> [WORK REQUEST] Check each line below for the word "shows". Then give only how many lines have it.

> [EXCERPTED RECORDS]
lemma avoiding_complex_acyclic_base:
  fixes Z :: "nat set \<Rightarrow> 'a::field"
  assumes "finite U" "S \<subseteq> Pow U" "card S < card U"
    and "agree_on_faces U S 1 (cob Z) (\<lambda>_. 0)"
  shows "agree_on_faces U S 0 (cob (\<lambda>_. 0)) Z"
  unfolding agree_on_faces_def
proof (intro allI impI)
  fix \<sigma> assume \<sigma>: "\<sigma> \<subseteq> U" "card \<sigma> = 0" "avoids S \<sigma>"
  then have empty: "\<sigma> = {}" using assms(1) finite_subset card_0_eq by metis
  obtain x where x: "x \<in> U" "{x} \<notin> S"
  proof (rule ccontr)
    assume "\<not> thesis"
    then have "(\<lambda>x. {x}) ` U \<subseteq> S" using that by blast
    then have "card ((\<lambda>x. {x}) ` U) \<le> card S"
      using assms(1,2) by (intro card_mono) (auto intro: finite_subset)
    then show False using assms(3) by (simp add: card_image)
  qed
  have "avoids S {x}"
    using x \<sigma>(3) empty by (auto simp: avoids_def subset_singleton_iff)
  moreover have "{x} \<subseteq> U" "card {x} = 1" using x by auto
  ultimately have "cob Z {x} = 0"
    using assms(4) unfolding agree_on_faces_def by blast
  then have "Z {} = 0" by (simp add: cob_singleton)
  then show "cob (\<lambda>_. 0) \<sigma> = Z \<sigma>" by (simp add: empty cob_zero)
qed

lemma agree_on_faces_cone:
  fixes Z x :: "nat set \<Rightarrow> 'a::field"
  assumes U: "finite U" "v \<in> U" "\<forall>p\<in>U - {v}. p < v"
    and deletion: "agree_on_faces (U - {v}) {s \<in> S. v \<notin> s} (Suc k) (cob x) (\<lambda>\<sigma>. (-1) ^ k * Z \<sigma>)"
    and link: "agree_on_faces (U - {v}) ((\<lambda>s. s - {v}) ` S) k x (\<lambda>\<tau>. Z (insert v \<tau>))"
  shows "agree_on_faces U S (Suc k) (cob (\<lambda>\<tau>. if v \<in> \<tau> then 0 else (-1) ^ k * x \<tau>)) Z"
  unfolding agree_on_faces_def
proof (intro allI impI)
  define f where "f \<tau> = (if v \<in> \<tau> then 0 else (-1) ^ k * x \<tau>)" for \<tau>
  fix \<sigma> assume \<sigma>: "\<sigma> \<subseteq> U" "card \<sigma> = Suc k" "avoids S \<sigma>"
  have sign_sq: "(-1) ^ k * ((-1) ^ k * a) = (a :: 'a)" for a
    by (simp flip: mult.assoc power_add)
  show "cob f \<sigma> = Z \<sigma>"
  proof (cases "v \<in> \<sigma>")
    case True
    define \<tau> where "\<tau> = \<sigma> - {v}"
    have \<tau>: "\<tau> \<subseteq> U - {v}" "\<sigma> = insert v \<tau>" "v \<notin> \<tau>" "finite \<tau>"
      using \<sigma>(1) True U(1) by (auto simp: \<tau>_def intro: finite_subset)
    then have "card \<tau> = k" using \<sigma>(2) by simp
    moreover have "avoids ((\<lambda>s. s - {v}) ` S) \<tau>" using \<sigma>(3) \<tau>(2) avoids_insert_iff[OF \<tau>(3)] by simp
    ultimately have "x \<tau> = Z \<sigma>" using link \<tau> by (simp add: agree_on_faces_def)
    moreover have "cob f \<sigma> = cob (\<lambda>_. 0) \<tau> + (-1) ^ card \<tau> * f \<tau>"
      using \<tau> U(3) cob_insert_greatest[of \<tau> v f] by (auto simp: f_def)
    ultimately show ?thesis using \<tau> \<open>card \<tau> = k\<close> by (simp add: cob_zero f_def sign_sq)
  next
    case False
    then have "\<sigma> \<subseteq> U - {v}" "avoids {s \<in> S. v \<notin> s} \<sigma>"
      using \<sigma> avoids_iff_avoids_not_containing[OF False] by auto
    then have "cob x \<sigma> = (-1) ^ k * Z \<sigma>" using deletion \<sigma>(2) by (simp add: agree_on_faces_def)
    moreover have "cob f \<sigma> = cob (\<lambda>\<tau>. (-1) ^ k * x \<tau>) \<sigma>"
      using False by (intro cob_cong) (simp add: f_def)
    ultimately show ?thesis by (simp add: cob_scale sign_sq)
  qed
qed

> [FINISHED TASK] 2